Alfred Pinsky (March 31, 1921 - November 21, 1999) was a Canadian artist and art educator. He was described as part of the informal Jewish Painters of Montreal group.

==Professional history==

Pinsky's artistic education began at Baron Byng High School, where he was a student of, and later assistant to, Anne Savage.

During the Second World War, Pinsky served in the Royal Canadian Air Force, and subsequently moved to Nova Scotia; he later returned to Montreal, where he co-founded the Montreal Art School.

In 1960, when Sir George Williams University established its Department of Fine Arts, Pinsky served as its first chairman, in 1974, Sir George Williams University merged with Loyola College to become Concordia University, and in 1975, Pinsky became Concordia's first Dean of Fine Arts.

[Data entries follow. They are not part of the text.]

(* Fix $i\in[n]$ and $\mathbf{x}_{-i}\in\mathcal{C}_{-i}$, write $A=A(\mathbf{x}_{-i})$, and suppose $\mathbf{x}_i=(x_{ij})$ is a best response of player $i$, i.e. $\mathbf{x}_i\in\arg\max_{\mathbf{y}\in\vartheta_i(\mathbf{x}_{-i})}\mathcal{V}_i(\mathbf{y};\mathbf{x}_{-i})$. Then $(x_{ij})_{j\in A}$ is of one of the following two types. Type I: there is $J\subset A$ such that $x_{ij}=0$ for $j\in A\setminus J$, $\sum_{j\in J}x_{ij}<1$, and $(x_{ij})_{j\in J}$ is the unique solution (with $x_{ij}\in(0,\omega_{ij}-\mathbf{x}_T^{j|i})$) of the system $\psi_{ij}(x_{ij};\mathbf{x}_T^{j|i})=0$, $j\in J$. Type II: there are $J\subset A$ and a real $\kappa_0\ge0$ such that $x_{ij}=0$ for $j\in A\setminus J$, and $(x_{ij})_{j\in J}$ is given by the unique solution (with $x_{ij}\in(0,\omega_{ij}-\mathbf{x}_T^{j|i})$) of the system $\sum_{j\in J}x_{ij}=1$ and $x_{ij}^{a_i-1}\psi_{ij}(x_{ij};\mathbf{x}_T^{j|i})=\kappa_0$ for $j\in J$.
   Context: Fragile multi-CPR Game: $n,m\ge1$, $[k]=\{1,\dots,k\}$, $C_m=\{(x_1,\dots,x_m)\in[0,1]^m:\sum_j x_j\le1\}$, $\mathcal{C}_{-i}=\prod_{[n]\setminus\{i\}}C_m$; for a profile $(\mathbf{x}_i,\mathbf{x}_{-i})$, $\mathbf{x}_\ell=(x_{\ell1},\dots,x_{\ell m})$, put $\mathbf{x}_T^{(j)}=\sum_{\ell}x_{\ell j}$ and $\mathbf{x}_T^{j|i}=\sum_{\ell\ne i}x_{\ell j}$. Each CPR $j$ has a return rate $\mathcal{R}_j(t)>1$ and failure probability $p_j(t)\in[0,1]$; each player $i$ has parameters $a_i,k_i$. Effective rate: $\mathcal{F}_{ij}(t)=(\mathcal{R}_j(t)-1)^{a_i}(1-p_j(t))-k_ip_j(t)$; utility $\mathcal{V}_i(\mathbf{x}_i;\mathbf{x}_{-i})=\sum_j x_{ij}^{a_i}\mathcal{F}_{ij}(\mathbf{x}_T^{(j)})$. Assumption: (1) $p_j(0)=0$, $p_j(t)=1$ for $t\ge1$; (2) $a_i\in(0,1]$, $k_i>0$; (3) each $\mathcal{F}_{ij}$ (continuous on $[0,1]$) has strictly negative first and second derivatives on $(0,1)$. Let $\omega_{ij}\in(0,1)$ be the unique zero of $\mathcal{F}_{ij}$ in $(0,1)$. Active CPRs: $A(\mathbf{x}_{-i})=\{j:\mathbf{x}_T^{j|i}<\omega_{ij}\}$. Constraint policy: $\vartheta_i(\mathbf{x}_{-i})=C_m\cap\big(\prod_{j\in A(\mathbf{x}_{-i})}[0,\omega_{ij}-\mathbf{x}_T^{j|i}]\times\prod_{j\notin A(\mathbf{x}_{-i})}\{0\}\big)$. Define $\psi_{ij}(x;s)=x\,\mathcal{F}_{ij}'(x+s)+a_i\mathcal{F}_{ij}(x+s)$. *)

theory Defs
  imports "HOL-Analysis.Analysis"
begin

definition Frate :: "(nat \<Rightarrow> real \<Rightarrow> real) \<Rightarrow> (nat \<Rightarrow> real \<Rightarrow> real) \<Rightarrow>
    (nat \<Rightarrow> real) \<Rightarrow> (nat \<Rightarrow> real) \<Rightarrow> nat \<Rightarrow> nat \<Rightarrow> real \<Rightarrow> real" where
  "Frate R p a k i j t = (R j t - 1) powr (a i) * (1 - p j t) - k i * p j t"

definition Csimplex :: "nat \<Rightarrow> (nat \<Rightarrow> real) set" where
  "Csimplex m = {z. (\<forall>j\<in>{1..m}. 0 \<le> z j \<and> z j \<le> 1) \<and> (\<Sum>j\<in>{1..m}. z j) \<le> 1}"

definition others_total :: "nat \<Rightarrow> (nat \<Rightarrow> nat \<Rightarrow> real) \<Rightarrow> nat \<Rightarrow> nat \<Rightarrow> real" where
  "others_total n x i j = (\<Sum>l\<in>{1..n} - {i}. x l j)"

definition omega :: "(real \<Rightarrow> real) \<Rightarrow> real" where
  "omega F = (THE w. w \<in> {0<..<1} \<and> F w = 0)"

definition psi :: "(real \<Rightarrow> real) \<Rightarrow> real \<Rightarrow> real \<Rightarrow> real \<Rightarrow> real" where
  "psi F a x s = x * deriv F (x + s) + a * F (x + s)"

definition utility :: "(nat \<Rightarrow> real \<Rightarrow> real) \<Rightarrow> (nat \<Rightarrow> real \<Rightarrow> real) \<Rightarrow>
    (nat \<Rightarrow> real) \<Rightarrow> (nat \<Rightarrow> real) \<Rightarrow> nat \<Rightarrow> nat \<Rightarrow> nat \<Rightarrow>
    (nat \<Rightarrow> nat \<Rightarrow> real) \<Rightarrow> (nat \<Rightarrow> real) \<Rightarrow> real" where
  "utility R p a k n m i x y =
     (\<Sum>j\<in>{1..m}. y j powr (a i) * Frate R p a k i j (y j + others_total n x i j))"

definition active :: "(nat \<Rightarrow> real \<Rightarrow> real) \<Rightarrow> (nat \<Rightarrow> real \<Rightarrow> real) \<Rightarrow>
    (nat \<Rightarrow> real) \<Rightarrow> (nat \<Rightarrow> real) \<Rightarrow> nat \<Rightarrow> nat \<Rightarrow> nat \<Rightarrow>
    (nat \<Rightarrow> nat \<Rightarrow> real) \<Rightarrow> nat set" where
  "active R p a k n m i x =
     {j\<in>{1..m}. others_total n x i j < omega (Frate R p a k i j)}"

definition constraint :: "(nat \<Rightarrow> real \<Rightarrow> real) \<Rightarrow> (nat \<Rightarrow> real \<Rightarrow> real) \<Rightarrow>
    (nat \<Rightarrow> real) \<Rightarrow> (nat \<Rightarrow> real) \<Rightarrow> nat \<Rightarrow> nat \<Rightarrow> nat \<Rightarrow>
    (nat \<Rightarrow> nat \<Rightarrow> real) \<Rightarrow> (nat \<Rightarrow> real) set" where
  "constraint R p a k n m i x =
     Csimplex m \<inter>
     {z. \<forall>j\<in>{1..m}.
          (j \<in> active R p a k n m i x \<longrightarrow>
             0 \<le> z j \<and> z j \<le> omega (Frate R p a k i j) - others_total n x i j) \<and>
          (j \<notin> active R p a k n m i x \<longrightarrow> z j = 0)}"

end

theory Submission
  imports Defs
begin

text \<open>
  Write \<open>s\<^sub>j\<close> for the others' total investment in CPR \<open>j\<close>. A best response maximises the
  separable sum of \<open>G\<^sub>j(t) = t\<^sup>a F\<^sub>i\<^sub>j(t + s\<^sub>j)\<close> over the simplex with caps \<open>\<omega>\<^sub>i\<^sub>j - s\<^sub>j\<close> on the
  active CPRs (and cap 0 on the others). Since \<open>G\<^sub>j\<close> vanishes at its cap and is positive
  below it, every positive coordinate is interior, and there \<open>G\<^sub>j' = t\<^sup>a\<^sup>-\<^sup>1 \<psi>\<^sub>i\<^sub>j\<close>. If the budget
  is slack, the first-order conditions make all these derivatives vanish (Type I). If it is
  exhausted, shifting mass between two coordinates shows that their derivatives agree, and
  withdrawing mass shows that the common value \<open>\<kappa>\<^sub>0\<close> is nonnegative (Type II). Uniqueness
  holds coordinatewise: concavity makes \<open>\<psi>\<^sub>i\<^sub>j\<close> strictly decreasing, and for \<open>a \<le> 1\<close> so is
  \<open>t\<^sup>a\<^sup>-\<^sup>1 \<psi>\<^sub>i\<^sub>j\<close> wherever \<open>\<psi>\<^sub>i\<^sub>j \<ge> 0\<close>.
\<close>

lemma sum_fun_upd:
  fixes G :: "'a \<Rightarrow> 'b \<Rightarrow> 'c::ab_group_add"
  assumes "finite S" "j \<in> S"
  shows "(\<Sum>l\<in>S. G l ((z(j := t)) l)) = (\<Sum>l\<in>S. G l (z l)) - G j (z j) + G j t"
proof -
  have "(\<Sum>l\<in>S - {j}. G l ((z(j := t)) l)) = (\<Sum>l\<in>S - {j}. G l (z l))"
    by (rule sum.cong) auto
  then show ?thesis
    using sum.remove[OF assms, of "\<lambda>l. G l ((z(j := t)) l)"] sum.remove[OF assms, of "\<lambda>l. G l (z l)"]
    by simp
qed

section \<open>Rate functions\<close>

locale concave_decreasing_rate =
  fixes F :: "real \<Rightarrow> real"
  assumes continuous: "continuous_on {0..1} F"
    and derivatives_neg: "\<exists>F1 F2. \<forall>t\<in>{0<..<1}. (F has_real_derivative F1 t) (at t) \<and>
        (F1 has_real_derivative F2 t) (at t) \<and> F1 t < 0 \<and> F2 t < 0"
    and pos_at_0: "0 < F 0"
    and neg_at_1: "F 1 < 0"
begin

lemma has_deriv: "0 < t \<Longrightarrow> t < 1 \<Longrightarrow> (F has_real_derivative deriv F t) (at t)"
  and deriv_neg: "0 < t \<Longrightarrow> t < 1 \<Longrightarrow> deriv F t < 0"
  and deriv_strict_decreasing: "0 < u \<Longrightarrow> u < v \<Longrightarrow> v < 1 \<Longrightarrow> deriv F v < deriv F u"
proof -
  obtain F1 F2 where d: "\<forall>t\<in>{0<..<1}. (F has_real_derivative F1 t) (at t) \<and>
      (F1 has_real_derivative F2 t) (at t) \<and> F1 t < 0 \<and> F2 t < 0"
    using derivatives_neg by blast
  have F1: "deriv F t = F1 t" if "0 < t" "t < 1" for t
    using d that by (auto intro: DERIV_imp_deriv)
  show "(F has_real_derivative deriv F t) (at t)" "deriv F t < 0" if "0 < t" "t < 1"
    using d F1 that by auto
  show "deriv F v < deriv F u" if "0 < u" "u < v" "v < 1"
  proof -
    have "F1 v < F1 u"
      by (rule DERIV_neg_imp_decreasing[OF \<open>u < v\<close>]) (use d that in force)
    then show ?thesis using F1 that by simp
  qed
qed

lemma strict_decreasing:
  assumes "0 \<le> u" "u < v" "v \<le> 1"
  shows "F v < F u"
proof (rule DERIV_neg_imp_decreasing_open[OF \<open>u < v\<close>])
  show "\<exists>y. DERIV F t :> y \<and> y < 0" if "u < t" "t < v" for t
  proof -
    have "0 < t" "t < 1"
      using that assms by auto
    then show ?thesis
      using has_deriv deriv_neg by blast
  qed
  show "continuous_on {u..v} F"
    using continuous_on_subset[OF continuous] assms by auto
qed

lemma omega_root: "0 < omega F" "omega F < 1" "F (omega F) = 0"
proof -
  obtain w where w: "0 \<le> w" "w \<le> 1" "F w = 0"
    using IVT2'[of F 1 0 0] continuous pos_at_0 neg_at_1 by force
  then have w01: "w \<in> {0<..<1}"
    using pos_at_0 neg_at_1 by (auto simp: order_le_less)
  have "omega F = w"
    unfolding omega_def
  proof (rule the_equality)
    show "w \<in> {0<..<1} \<and> F w = 0"
      using w w01 by simp
    show "v = w" if "v \<in> {0<..<1} \<and> F v = 0" for v
      using strict_decreasing[of v w] strict_decreasing[of w v] that w w01
      by (cases v w rule: linorder_cases) auto
  qed
  then show "0 < omega F" "omega F < 1" "F (omega F) = 0"
    using w w01 by auto
qed

lemma pos_below_omega:
  assumes "0 \<le> t" "t < omega F"
  shows "0 < F t"
  using strict_decreasing[OF assms less_imp_le[OF omega_root(2)]] omega_root(3) by simp

lemma payoff_has_deriv:
  assumes "0 < t" "0 \<le> s" "t + s < 1"
  shows "((\<lambda>t. t powr a * F (t + s)) has_real_derivative t powr (a - 1) * psi F a t s) (at t)"
proof -
  have "(F has_real_derivative deriv F (t + s)) (at (t + s))"
    using has_deriv assms by simp
  then have "((\<lambda>t. F (t + s)) has_real_derivative deriv F (t + s) * 1) (at t)"
    by (rule DERIV_chain2) (auto intro!: derivative_eq_intros)
  note DERIV_mult[OF has_real_derivative_powr[OF \<open>0 < t\<close>, of a] this]
  moreover have "t powr a = t * t powr (a - 1)"
    using powr_mult_base[of t "a - 1"] assms by simp
  ultimately show ?thesis
    unfolding psi_def by (simp add: algebra_simps)
qed

text \<open>Concavity enters here: \<open>x F'(x + s)\<close> decreases because \<open>F'\<close> is negative and decreasing.\<close>

lemma psi_strict_decreasing:
  assumes "0 \<le> a" "0 \<le> s" "0 < t1" "t1 < t2" "t2 + s < 1"
  shows "psi F a t2 s < psi F a t1 s"
proof -
  have "t2 * deriv F (t2 + s) < t2 * deriv F (t1 + s)"
    using deriv_strict_decreasing[of "t1 + s" "t2 + s"] assms by simp
  also have "\<dots> < t1 * deriv F (t1 + s)"
    using deriv_neg[of "t1 + s"] assms by (simp add: mult_strict_right_mono_neg)
  finally have "t2 * deriv F (t2 + s) < t1 * deriv F (t1 + s)" .
  moreover have "a * F (t2 + s) \<le> a * F (t1 + s)"
    using strict_decreasing[of "t1 + s" "t2 + s"] assms by (simp add: mult_left_mono)
  ultimately show ?thesis
    unfolding psi_def by simp
qed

His students included Mary Pratt and Joan Rankin.

==Personal life==

In 1945, Pinsky married fellow artist Ghitta Caiserman; they had one daughter, Kathe, but divorced in 1959. He subsequently married fellow artist Claire Hogenkamp.

==Honors==
Every year, Concordia University awards the Alfred Pinsky Medal to the highest-ranking student graduating with a Bachelor of Fine Arts.